For TrueNorth, an experimental processor that was an early springboard for the more sophisticated NorthPole, Modha and his team realized that event-driven spikes use silicon-based transistors inefficiently. Neurons in the brain fire at about 10 hertz (10 times a second), whereas today’s transistors run in gigahertz — the transistors in IBM’s Z 16 run at 5 GHz, and transistors in a MacBook’s 6-core Intel Core i7 run at 2.6 GHz. If the synapses in the human brain operated at the same rate as a laptop, “our brain would explode,” says Syed. In neuromorphic computer chips such as Hermes — or brain-inspired ones like NorthPole — the goal is to combine the bio-inspiration of how data is processed with the high-bandwidth operation required by AI applications.
Because of their choice to move away from neuron-like spiking and other features that mimic the physics of the brain, Modha says his group leans more towards the term ‘brain-inspired’ computing than ‘neuromorphic.’ He envisions that NorthPole has lots of room for growth, because they can tweak the architecture in purely mathematical and application-centered ways to achieve more gains while also exploiting silicon scaling and lessons gleaned from user feedback. And the data show that their strategy worked: In new results from Modha’s team, NorthPole performed inference on a 3-billion-parameter model 46.9 times faster than the next most energy-efficient GPU, at 72.7 times higher energy efficiency than the next lowest latency one.
Researchers may still be defining what neuromorphic computing is or the best ways to build brain-inspired circuits, says Syed, but they tend to agree that it’s well suited for edge applications — phones, self-driving cars, and other applications that can take advantage of fast, efficient AI inferencing with pre-trained models.

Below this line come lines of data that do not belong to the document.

(* For all positive integers $d$ and $k$ there exists a triangulation $T$ of the sphere $S^d$ such that $\Delta_{0,1}(T) \leq (d+1)(d^2+d+2)$, $|V(T)| = (d^2+d+1)k + (d+2)^2$, and $T$ has $k$ $d$-dimensional faces which are pairwise vertex-disjoint and nonadjacent. Consequently, for every $d$ there exists $L$ such that for every $k$ there is a triangulation $T$ of $S^d$ with $\Delta(T) \leq L$ and $|V(T)| \leq Lk$ which has $k$ $d$-dimensional faces $t_1,\dots,t_k$ that are pairwise vertex-disjoint and nonadjacent.
   Context: For a finite simplicial complex $X$, $\mathrm{skel}_k(X)$ is the set of $k$-dimensional faces, $\Delta_{i,j}(X) = \max_{\sigma \in \mathrm{skel}_i(X)} |\{\tau \in \mathrm{skel}_j(X) : \sigma \subseteq \tau\}|$, and $\Delta(X) = \max_{i,j}\Delta_{i,j}(X)$. Two faces are nonadjacent if there is no edge between a vertex of one and a vertex of the other. *)

theory Defs
  imports "HOL-Analysis.Analysis"
begin

definition simplicial_complex :: "nat set set \<Rightarrow> bool" where
  "simplicial_complex X \<longleftrightarrow> finite X \<and>
     (\<forall>\<sigma>\<in>X. finite \<sigma> \<and> \<sigma> \<noteq> {}) \<and>
     (\<forall>\<sigma>\<in>X. \<forall>\<tau>. \<tau> \<subseteq> \<sigma> \<and> \<tau> \<noteq> {} \<longrightarrow> \<tau> \<in> X)"

definition vertices :: "nat set set \<Rightarrow> nat set" where
  "vertices X = \<Union>X"

definition skel :: "nat \<Rightarrow> nat set set \<Rightarrow> nat set set" where
  "skel k X = {\<sigma>\<in>X. card \<sigma> = k + 1}"

definition Delta_ij :: "nat \<Rightarrow> nat \<Rightarrow> nat set set \<Rightarrow> nat" where
  "Delta_ij i j X = Max (insert 0 ((\<lambda>\<sigma>. card {\<tau>\<in>skel j X. \<sigma> \<subseteq> \<tau>}) ` skel i X))"

text \<open>Delta(X) = max over all i, j; indices beyond the number of vertices contribute 0.\<close>
definition Delta :: "nat set set \<Rightarrow> nat" where
  "Delta X = Max ((\<lambda>(i,j). Delta_ij i j X) ` ({..card (vertices X)} \<times> {..card (vertices X)}))"

text \<open>Geometric realization |X| inside the space nat \<Rightarrow> real (product topology; since
 only finitely many coordinates are used this is the usual Euclidean topology):
 barycentric coordinate functions supported on a face.\<close>
definition realization :: "nat set set \<Rightarrow> (nat \<Rightarrow> real) set" where
  "realization X = {f. \<exists>\<sigma>\<in>X. (\<forall>v. f v \<ge> 0) \<and> (\<forall>v. v \<notin> \<sigma> \<longrightarrow> f v = 0) \<and> (\<Sum>v\<in>\<sigma>. f v) = 1}"

text \<open>T is a triangulation of the d-sphere, d+1 = CARD('n), i.e. of the unit sphere in real^'n.\<close>
definition triangulates_sphere :: "nat set set \<Rightarrow> ('n::finite) itself \<Rightarrow> bool" where
  "triangulates_sphere T _ \<longleftrightarrow> simplicial_complex T \<and>
     realization T homeomorphic (sphere (0 :: real ^ 'n) 1)"

definition nonadjacent :: "nat set set \<Rightarrow> nat set \<Rightarrow> nat set \<Rightarrow> bool" where
  "nonadjacent X \<sigma> \<tau> \<longleftrightarrow> (\<forall>u\<in>\<sigma>. \<forall>v\<in>\<tau>. {u, v} \<notin> skel 1 X)"

definition has_separated_facets :: "nat set set \<Rightarrow> nat \<Rightarrow> nat \<Rightarrow> bool" where
  "has_separated_facets X d k \<longleftrightarrow> (\<exists>t :: nat \<Rightarrow> nat set.
     (\<forall>i<k. t i \<in> skel d X) \<and>
     (\<forall>i<k. \<forall>j<k. i \<noteq> j \<longrightarrow> t i \<inter> t j = {} \<and> nonadjacent X (t i) (t j)))"

end

theory Submission
  imports Defs
begin

text \<open>Write \<open>n = d + 1\<close>. Start from the boundary of the \<open>n\<close>-dimensional cross-polytope on
  the vertices \<open>0, \<dots>, 2n - 1\<close>, which is the \<open>\<ell>\<^sub>1\<close> unit sphere, and apply stellar
  subdivisions one after another: step \<open>m\<close> cones off the facet \<open>{n+m, \<dots>, 2n+m-1}\<close> from
  a new vertex \<open>2n+m\<close>, which produces the next facet of the same shape. A stellar
  subdivision does not change the homeomorphism type of the realization, and every face
  of the resulting complexes lies in \<open>{0, \<dots>, 2n-1}\<close> or in a window \<open>{a, \<dots>, a+n}\<close>, so all
  degrees are bounded independently of the number of steps. Facets created at steps
  \<open>d\<^sup>2 + d + 1\<close> apart are then too far apart to be joined by an edge; for \<open>d = 1\<close>, where
  the windows are too wide for this, one uses that each subdivided edge disappears.\<close>

lemma continuous_on_coordinate [continuous_intros]:
  "continuous_on S (\<lambda>f. f i :: 'b::topological_space)"
  by (rule continuous_on_subset[OF continuous_on_product_coordinates]) simp

lemma continuous_on_Min_coordinates:
  assumes "finite A" "A \<noteq> {}"
  shows "continuous_on S (\<lambda>f::nat \<Rightarrow> real. Min (f ` A))"
  using assms
proof (induction A rule: finite_ne_induct)
  case (insert x F)
  then show ?case
    by (simp add: continuous_on_min continuous_on_coordinate)
qed (simp add: continuous_on_coordinate)

section \<open>Stellar subdivision\<close>

definition is_facet :: "nat set set \<Rightarrow> nat set \<Rightarrow> bool" where
  "is_facet X \<sigma> \<longleftrightarrow> \<sigma> \<in> X \<and> (\<forall>\<tau>\<in>X. \<sigma> \<subseteq> \<tau> \<longrightarrow> \<tau> = \<sigma>)"

definition stellar_subdivision :: "nat set set \<Rightarrow> nat set \<Rightarrow> nat \<Rightarrow> nat set set" where
  "stellar_subdivision X \<sigma> w = (X - {\<sigma>}) \<union> insert w ` {\<rho>. \<rho> \<subset> \<sigma>}"

lemma mem_stellar_subdivision:
  "\<tau> \<in> stellar_subdivision X \<sigma> w \<longleftrightarrow> \<tau> \<in> X \<and> \<tau> \<noteq> \<sigma> \<or> (\<exists>\<rho>\<subset>\<sigma>. \<tau> = insert w \<rho>)"
  by (auto simp: stellar_subdivision_def)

A benefit of using PCM chips on the edge, Sebastian says, is that they can be exceptionally small, performant, and inexpensive.
Robotics applications could be well suited for brain-inspired computing, says Modha, as well as video analytics, in-store security cameras for example. Putting neuromorphic computing to work in edge applications could help solve problems of data privacy, says Bragaglia, as in-device inference chips would mean data doesn't need to be shuttled back and forth between devices, or to the cloud, to perform AI inferencing.
Whatever brain-inspired or neuromorphic processors end up coming out on top, researchers also agree that the current crop of AI models are too complicated to be run on classical CPUs or GPUs. There needs to be a new generation of circuits that can run these massive models.
“It’s a very exciting goal,” says Bragaglia. “It’s very hard, but it’s very exciting. And it’s in progress.”